18. Organisasi
Di dalam rumah perlindungan, Wilson mencatat konsumsi perlengkapan pada misi kali ini.
Kemudian ia menoleh dan berkata pada Sent: “Lengan mekanis materi gelap yang sesuai dengan urutan genmu sudah selesai dibuat. Seharusnya segera sampai di tanganmu. Fiturnya banyak, kamu bisa mempelajarinya sendiri nanti.”
Sent mengangguk dan berkata, “Wilson, Muk Xing, kita harus meninggalkan Kota Mimpi.”
Muk Xing menjawab singkat, “Ya,” lalu memejamkan mata. Ketika ia kembali membuka mata, ia sudah berada di kamarnya.

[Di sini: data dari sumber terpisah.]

(* There exists a non-empty Zariski open subset $\mathcal{U}$ of $\mathrm{GL}_2(\mathbb{C})^2$ such that for every Fibonacci sequence $(\mathbf{w}_i)_{i\ge0}$ in $\mathrm{GL}_2(\mathbb{C})$ with $(\mathbf{w}_0,\mathbf{w}_1)\in\mathcal{U}$ there exists $N\in\mathrm{GL}_2(\mathbb{C})$ such that the matrix $\mathbf{y}_i$, defined by $\mathbf{y}_i=\mathbf{w}_iN$ if $i$ is even and $\mathbf{y}_i=\mathbf{w}_i\,{}^tN$ if $i$ is odd, is symmetric for every $i\ge0$. Moreover, for any Fibonacci sequence $(\mathbf{w}_i)_{i\ge0}$ in $\mathrm{GL}_2(\mathbb{C})$, any $N\in\mathrm{GL}_2(\mathbb{C})$ such that $\mathbf{w}_0N$, $\mathbf{w}_1\,{}^tN$ and $\mathbf{w}_1\mathbf{w}_0N$ are symmetric has this property. Finally, when $(\mathbf{w}_0,\mathbf{w}_1)\in\mathcal{U}$ and $\mathbf{w}_0,\mathbf{w}_1$ have integer coefficients, such an $N$ may be chosen with integer coefficients.
   Context: A Fibonacci sequence in a monoid is a sequence $(\mathbf{w}_i)_{i\ge0}$ with $\mathbf{w}_{i+2}=\mathbf{w}_{i+1}\mathbf{w}_i$ for all $i\ge0$. ${}^tN$ denotes the transpose of $N$. *)

theory Defs
  imports "HOL-Analysis.Analysis"
begin

type_synonym mat2 = "complex^2^2"

definition fibonacci_seq :: "(nat \<Rightarrow> mat2) \<Rightarrow> bool" where
  "fibonacci_seq w \<longleftrightarrow> (\<forall>i. w (i + 2) = w (i + 1) ** w i)"

definition in_GL2 :: "mat2 \<Rightarrow> bool" where
  "in_GL2 A \<longleftrightarrow> invertible A"

definition symmetric_mat :: "mat2 \<Rightarrow> bool" where
  "symmetric_mat A \<longleftrightarrow> transpose A = A"

definition integral_mat :: "mat2 \<Rightarrow> bool" where
  "integral_mat A \<longleftrightarrow> (\<forall>i j. A $ i $ j \<in> \<int>)"

definition twisted_seq :: "(nat \<Rightarrow> mat2) \<Rightarrow> mat2 \<Rightarrow> nat \<Rightarrow> mat2" where
  "twisted_seq w N i = (if even i then w i ** N else w i ** transpose N)"

inductive_set pair_poly :: "(mat2 \<times> mat2 \<Rightarrow> complex) set" where
  const: "(\<lambda>_. c) \<in> pair_poly"
| coord1: "(\<lambda>p. fst p $ i $ j) \<in> pair_poly"
| coord2: "(\<lambda>p. snd p $ i $ j) \<in> pair_poly"
| add: "f \<in> pair_poly \<Longrightarrow> g \<in> pair_poly \<Longrightarrow> (\<lambda>p. f p + g p) \<in> pair_poly"
| mult: "f \<in> pair_poly \<Longrightarrow> g \<in> pair_poly \<Longrightarrow> (\<lambda>p. f p * g p) \<in> pair_poly"

text \<open>Zariski open subsets of GL_2(C)^2: since GL_2(C)^2 is the principal open subset
  det(A) det(B) \<noteq> 0 of C^8, its Zariski open subsets are exactly the intersections of
  GL_2(C)^2 with complements of common zero sets of families of polynomials.\<close>
definition zariski_open_GL2sq :: "(mat2 \<times> mat2) set \<Rightarrow> bool" where
  "zariski_open_GL2sq U \<longleftrightarrow>
     (\<exists>F \<subseteq> pair_poly. U = {p. in_GL2 (fst p) \<and> in_GL2 (snd p) \<and> (\<exists>f\<in>F. f p \<noteq> 0)})"

end

theory Submission imports Defs begin

text \<open>Symmetry of \<open>X N\<close> and of \<open>X \<^sup>tN\<close> is a single linear condition on the four entries
  of \<open>N\<close>. The three conditions imposed by \<open>w\<^sub>0\<close>, \<open>w\<^sub>1\<close> and \<open>w\<^sub>1 w\<^sub>0\<close> are therefore satisfied by
  the generalised cross product of their coefficient vectors in \<open>\<complex>\<^sup>4\<close>, whose entries are
  integer polynomials in the entries of \<open>w\<^sub>0, w\<^sub>1\<close>; \<open>\<U>\<close> is the locus where this \<open>N\<close> is
  invertible. Symmetry then propagates along the sequence because
  \<open>w (i + 3) = w (i + 1) w i w (i + 1)\<close>, and \<open>a N\<close>, \<open>b \<^sup>tN\<close> symmetric imply \<open>b a b \<^sup>tN\<close> symmetric.\<close>

lemma transpose_symmetric_sandwich:
  fixes a b M :: "'a::comm_semiring_1^'n^'n"
  assumes "transpose (a ** M) = a ** M" and "transpose (b ** transpose M) = b ** transpose M"
  shows "transpose (b ** a ** b ** transpose M) = b ** a ** b ** transpose M"
proof -
  have aM: "transpose M ** transpose a = a ** M"
    using assms(1) by (simp add: matrix_transpose_mul)
  have bM: "M ** transpose b = b ** transpose M"
    using assms(2) by (simp add: matrix_transpose_mul)
  have "transpose (b ** a ** b ** transpose M) = M ** transpose b ** transpose a ** transpose b"
    by (simp add: matrix_transpose_mul matrix_mul_assoc)
  also have "\<dots> = b ** (transpose M ** transpose a) ** transpose b"
    using bM by (simp add: matrix_mul_assoc)
  also have "\<dots> = b ** a ** (M ** transpose b)"
    using aM by (simp add: matrix_mul_assoc)
  also have "\<dots> = b ** a ** b ** transpose M"
    using bM by (simp add: matrix_mul_assoc)
  finally show ?thesis .
qed

lemma fibonacci_seq_add3:
  assumes "fibonacci_seq w"
  shows "w (i + 3) = w (i + 1) ** w i ** w (i + 1)"
proof -
  have "w (i + 3) = w (i + 2) ** w (i + 1)"
    using assms[unfolded fibonacci_seq_def, rule_format, of "i + 1"] by (simp add: numeral_eq_Suc)
  also have "\<dots> = w (i + 1) ** w i ** w (i + 1)"
    using assms unfolding fibonacci_seq_def by simp
  finally show ?thesis .
qed

lemma symmetric_twisted_seq:
  assumes fib: "fibonacci_seq w"
    and "symmetric_mat (w 0 ** N)" and "symmetric_mat (w 1 ** transpose N)"
    and "symmetric_mat (w 1 ** w 0 ** N)"
  shows "symmetric_mat (twisted_seq w N i)"
proof -
  have "symmetric_mat (twisted_seq w N i) \<and> symmetric_mat (twisted_seq w N (i + 1))
      \<and> symmetric_mat (twisted_seq w N (i + 2))"
  proof (induction i)
    case 0
    then show ?case
      using assms fib[unfolded fibonacci_seq_def, rule_format, of 0] by (simp add: twisted_seq_def)
  next
    case (Suc i)
    define M where "M = (if even i then N else transpose N)"
    have "transpose (w i ** M) = w i ** M"
      and "transpose (w (i + 1) ** transpose M) = w (i + 1) ** transpose M"
      using Suc.IH by (auto simp: M_def symmetric_mat_def twisted_seq_def)
    then have "transpose (w (i + 1) ** w i ** w (i + 1) ** transpose M)
        = w (i + 1) ** w i ** w (i + 1) ** transpose M"
      by (rule transpose_symmetric_sandwich)
    then have "symmetric_mat (twisted_seq w N (i + 3))"
      by (simp add: M_def symmetric_mat_def twisted_seq_def fibonacci_seq_add3[OF fib]
          split: if_splits)
    then show ?case using Suc.IH by (simp add: numeral_eq_Suc)
  qed
  then show ?thesis by simp
qed

definition det3 :: "'a::comm_ring_1 \<Rightarrow> 'a \<Rightarrow> 'a \<Rightarrow> 'a \<Rightarrow> 'a \<Rightarrow> 'a \<Rightarrow> 'a \<Rightarrow> 'a \<Rightarrow> 'a \<Rightarrow> 'a" where
  "det3 a b c d e f g h i = a * (e * i - f * h) - b * (d * i - f * g) + c * (d * h - e * g)"

text \<open>The cross product of \<open>r, s, t\<close>
  has as \<open>j\<close>-th entry the signed \<open>3 \<times> 3\<close> minor of the matrix with rows \<open>r, s, t\<close> obtained by
  deleting column \<open>j\<close>, so that \<open>inner4 x (cross4 r s t)\<close> is the determinant with rows
  \<open>x, r, s, t\<close>.\<close>
definition cross4 :: "(nat \<Rightarrow> 'a::comm_ring_1) \<Rightarrow> (nat \<Rightarrow> 'a) \<Rightarrow> (nat \<Rightarrow> 'a) \<Rightarrow> nat \<Rightarrow> 'a" where
  "cross4 r s t j =
    (if j = 0 then det3 (r 1) (r 2) (r 3) (s 1) (s 2) (s 3) (t 1) (t 2) (t 3)
     else if j = 1 then - det3 (r 0) (r 2) (r 3) (s 0) (s 2) (s 3) (t 0) (t 2) (t 3)
     else if j = 2 then det3 (r 0) (r 1) (r 3) (s 0) (s 1) (s 3) (t 0) (t 1) (t 3)
     else - det3 (r 0) (r 1) (r 2) (s 0) (s 1) (s 2) (t 0) (t 1) (t 2))"

definition inner4 :: "(nat \<Rightarrow> 'a::comm_ring_1) \<Rightarrow> (nat \<Rightarrow> 'a) \<Rightarrow> 'a" where
  "inner4 x y = x 0 * y 0 + x 1 * y 1 + x 2 * y 2 + x 3 * y 3"

lemma inner4_cross4_eq_0:
  "inner4 r (cross4 r s t) = 0" "inner4 s (cross4 r s t) = 0" "inner4 t (cross4 r s t) = 0"
  by (simp_all add: inner4_def cross4_def det3_def algebra_simps)

text \<open>Stated pointwise so that it applies both to \<^const>\<open>pair_poly\<close> and, through constant
  functions, to \<open>\<int>\<close>.\<close>
lemma cross4_closed:
  assumes add: "\<And>f g. f \<in> S \<Longrightarrow> g \<in> S \<Longrightarrow> (\<lambda>p. f p + g p) \<in> S"
    and mult: "\<And>f g. f \<in> S \<Longrightarrow> g \<in> S \<Longrightarrow> (\<lambda>p. f p * g p) \<in> S"
    and neg: "\<And>f. f \<in> S \<Longrightarrow> (\<lambda>p. - f p) \<in> S"
    and "\<And>k. (\<lambda>p. r p k) \<in> S" "\<And>k. (\<lambda>p. s p k) \<in> S" "\<And>k. (\<lambda>p. t p k) \<in> S"
  shows "(\<lambda>p. cross4 (r p) (s p) (t p) j) \<in> S"
proof -
  have det3: "(\<lambda>p. det3 (a p) (b p) (c p) (d p) (e p) (f p) (g p) (h p) (i p)) \<in> S"
    if "a \<in> S" "b \<in> S" "c \<in> S" "d \<in> S" "e \<in> S" "f \<in> S" "g \<in> S" "h \<in> S" "i \<in> S"
    for a b c d e f g h i
    unfolding det3_def diff_conv_add_uminus using that by (intro add mult neg) auto
  show ?thesis
    unfolding cross4_def using assms(4-)
    by (cases "j = 0"; cases "j = 1"; cases "j = 2") (auto intro!: det3 neg)
qed

definition entries :: "mat2 \<Rightarrow> nat \<Rightarrow> complex" where
  "entries M j =
    (if j = 0 then M$1$1 else if j = 1 then M$1$2 else if j = 2 then M$2$1 else M$2$2)"

definition mat_of_entries :: "(nat \<Rightarrow> complex) \<Rightarrow> mat2" where
  "mat_of_entries v =
    (\<chi> i j. if i = 1 then (if j = 1 then v 0 else v 1) else (if j = 1 then v 2 else v 3))"

lemma inner4_entries_mat_of_entries: "inner4 x (entries (mat_of_entries v)) = inner4 x v"
  by (simp add: inner4_def entries_def mat_of_entries_def)

definition sym_coeffs :: "mat2 \<Rightarrow> nat \<Rightarrow> complex" where
  "sym_coeffs X j =
    (if j = 0 then - X$2$1 else if j = 1 then X$1$1 else if j = 2 then - X$2$2 else X$1$2)"

definition sym_coeffs_transpose :: "mat2 \<Rightarrow> nat \<Rightarrow> complex" where
  "sym_coeffs_transpose X j =
    (if j = 0 then - X$2$1 else if j = 1 then - X$2$2 else if j = 2 then X$1$1 else X$1$2)"

lemma symmetric_mat_iff: "symmetric_mat M \<longleftrightarrow> M$1$2 = M$2$1"
  unfolding symmetric_mat_def vec_eq_iff forall_2 transpose_def by auto

lemma symmetric_mat_mult_iff:
  "symmetric_mat (X ** M) \<longleftrightarrow> inner4 (sym_coeffs X) (entries M) = 0"
  unfolding symmetric_mat_iff inner4_def sym_coeffs_def entries_def matrix_matrix_mult_def sum_2
  by (auto simp: algebra_simps)

lemma symmetric_mat_mult_transpose_iff:
  "symmetric_mat (X ** transpose M) \<longleftrightarrow> inner4 (sym_coeffs_transpose X) (entries M) = 0"
  unfolding symmetric_mat_iff inner4_def sym_coeffs_transpose_def entries_def
    matrix_matrix_mult_def sum_2 transpose_def
  by (auto simp: algebra_simps)

definition symmetrizer :: "mat2 \<Rightarrow> mat2 \<Rightarrow> mat2" where
  "symmetrizer A B =
    mat_of_entries (cross4 (sym_coeffs A) (sym_coeffs_transpose B) (sym_coeffs (B ** A)))"

lemma symmetric_mult_symmetrizer:
  "symmetric_mat (A ** symmetrizer A B)"
  "symmetric_mat (B ** transpose (symmetrizer A B))"
  "symmetric_mat (B ** A ** symmetrizer A B)"
  by (simp_all only: symmetric_mat_mult_transpose_iff)
    (simp_all only: symmetric_mat_mult_iff symmetrizer_def inner4_entries_mat_of_entries
      inner4_cross4_eq_0)

lemma symmetrizer_closed:
  assumes add: "\<And>f g. f \<in> S \<Longrightarrow> g \<in> S \<Longrightarrow> (\<lambda>p. f p + g p) \<in> S"
    and mult: "\<And>f g. f \<in> S \<Longrightarrow> g \<in> S \<Longrightarrow> (\<lambda>p. f p * g p) \<in> S"
    and neg: "\<And>f. f \<in> S \<Longrightarrow> (\<lambda>p. - f p) \<in> S"
    and A: "\<And>i j. (\<lambda>p. A p $ i $ j) \<in> S" and B: "\<And>i j. (\<lambda>p. B p $ i $ j) \<in> S"
  shows "(\<lambda>p. symmetrizer (A p) (B p) $ i $ j) \<in> S"
proof -
  have coeffs: "(\<lambda>p. sym_coeffs (X p) k) \<in> S" "(\<lambda>p. sym_coeffs_transpose (X p) k) \<in> S"
    if "\<And>i j. (\<lambda>p. X p $ i $ j) \<in> S" for X k
    unfolding sym_coeffs_def sym_coeffs_transpose_def using that neg
    by (cases "k = 0"; cases "k = 1"; cases "k = 2"; simp)+
  have "(\<lambda>p. (B p ** A p) $ i $ j) \<in> S" for i j
    unfolding matrix_matrix_mult_def sum_2 vec_lambda_beta using A B by (intro add mult)
  then have "(\<lambda>p. cross4 (sym_coeffs (A p)) (sym_coeffs_transpose (B p))
      (sym_coeffs (B p ** A p)) k) \<in> S" for k
    using A B by (intro cross4_closed coeffs add mult neg)
  then show ?thesis
    by (cases "i = 1"; cases "j = 1") (simp_all add: symmetrizer_def mat_of_entries_def)
qed

lemma integral_mat_symmetrizer:
  assumes "integral_mat A" "integral_mat B"
  shows "integral_mat (symmetrizer A B)"
proof -
  have "(\<lambda>_::unit. symmetrizer A B $ i $ j) \<in> {f. \<forall>p. f p \<in> \<int>}" for i j
    using assms by (intro symmetrizer_closed) (auto simp: integral_mat_def)
  then show ?thesis by (simp add: integral_mat_def)
qed

lemma pair_poly_det_symmetrizer: "(\<lambda>p. det (symmetrizer (fst p) (snd p))) \<in> pair_poly"
proof -
  have neg: "(\<lambda>p. - f p) \<in> pair_poly" if "f \<in> pair_poly" for f
    using pair_poly.mult[OF pair_poly.const[of "-1"] that] by simp
  have "(\<lambda>p. symmetrizer (fst p) (snd p) $ i $ j) \<in> pair_poly" for i j
    by (intro symmetrizer_closed pair_poly.add pair_poly.mult neg pair_poly.coord1 pair_poly.coord2)
  then show ?thesis
    unfolding det_2 diff_conv_add_uminus by (intro pair_poly.add pair_poly.mult neg)
qed

lemma invertible_symmetrizer_example:
  defines "A \<equiv> \<chi> i j. if i = 2 \<and> j = 1 then 0 else 1 :: mat2"
    and "B \<equiv> \<chi> i j. if i = 1 \<and> j = 2 then 0 else 1 :: mat2"
  shows "invertible A \<and> invertible B \<and> invertible (symmetrizer A B)"
  by (simp add: invertible_det_nz A_def B_def det_2 symmetrizer_def mat_of_entries_def cross4_def
      det3_def sym_coeffs_def sym_coeffs_transpose_def matrix_matrix_mult_def sum_2)

theorem proposition3p1:
  shows "\<exists>U. zariski_open_GL2sq U \<and> U \<noteq> {} \<and>
    (\<forall>w. fibonacci_seq w \<and> (\<forall>i. in_GL2 (w i)) \<and> (w 0, w 1) \<in> U \<longrightarrow>
        (\<exists>N. in_GL2 N \<and> (\<forall>i. symmetric_mat (twisted_seq w N i)))) \<and>
    (\<forall>w N. fibonacci_seq w \<and> (\<forall>i. in_GL2 (w i)) \<and> in_GL2 N \<and>
        symmetric_mat (w 0 ** N) \<and> symmetric_mat (w 1 ** transpose N) \<and>
        symmetric_mat (w 1 ** w 0 ** N) \<longrightarrow>
        (\<forall>i. symmetric_mat (twisted_seq w N i))) \<and>
    (\<forall>w. fibonacci_seq w \<and> (\<forall>i. in_GL2 (w i)) \<and> (w 0, w 1) \<in> U \<and>
        integral_mat (w 0) \<and> integral_mat (w 1) \<longrightarrow>
        (\<exists>N. in_GL2 N \<and> integral_mat N \<and> (\<forall>i. symmetric_mat (twisted_seq w N i))))"
proof -
  define U
    where "U = {p. in_GL2 (fst p) \<and> in_GL2 (snd p) \<and> in_GL2 (symmetrizer (fst p) (snd p))}"
  have "zariski_open_GL2sq U"
    unfolding zariski_open_GL2sq_def U_def in_GL2_def invertible_det_nz
    using pair_poly_det_symmetrizer
    by (intro exI[of _ "{\<lambda>p. det (symmetrizer (fst p) (snd p))}"]) auto
  moreover have "U \<noteq> {}"
    using invertible_symmetrizer_example unfolding U_def in_GL2_def by fastforce
  moreover have "\<forall>i. symmetric_mat (twisted_seq w (symmetrizer (w 0) (w 1)) i)"
    if "fibonacci_seq w" for w
    using that by (intro allI symmetric_twisted_seq symmetric_mult_symmetrizer)
  moreover have "in_GL2 (symmetrizer (w 0) (w 1))" if "(w 0, w 1) \<in> U" for w
    using that by (simp add: U_def)
  ultimately show ?thesis
    using integral_mat_symmetrizer symmetric_twisted_seq by (intro exI[of _ U]) blast
qed

end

Muk Xing melepas kerangka luar dan peralatan, lalu pergi ke kamar mandi untuk mencuci muka secara singkat. Setelah itu, ia menuju ruang rapat untuk melaporkan tugas.
Melihat para anggota yang sudah duduk, Muk Xing berdiri dan melapor: “Tumor daging sudah dipastikan terbunuh, tidak ada sisa pada pemeriksaan kehidupan.”
Fu Da Xu menatap Muk Xing dan berkata, “Muk Xing, terima kasih atas usahamu. Ma Bo Cheng ingin menanyakan, bisakah kamu segera menangani monster dalam mimpinya? Apa pendapatmu?”
Muk Xing menggeleng dan berkata, “Saat ini kita tidak punya cara efektif untuk membunuh Bayangan Hitam. Bayangan Hitam memang hanya monster ofensif, tetapi ukurannya sangat besar, pertahanannya luar biasa, dan daya hancurnya pun mengerikan. Aku, Wilson, dan Sent pernah bertemu Bayangan Hitam di Kota Mimpi; bom materi gelap milik Wilson tidak berpengaruh padanya. Senjata radioaktif milik Sent juga berhasil diblokir oleh kapak raksasa Bayangan Hitam. Jadi aku yakin kita belum bisa menghadapinya untuk saat ini.”
Mendengar penjelasan Muk Xing, Ma Bo Cheng menundukkan kepala. Ia tahu Muk Xing benar, tak ada yang bisa dilakukan saat ini, hanya menunggu. Menunggu kemajuan teknologi, meneliti senjata yang bisa membunuh Bayangan Hitam.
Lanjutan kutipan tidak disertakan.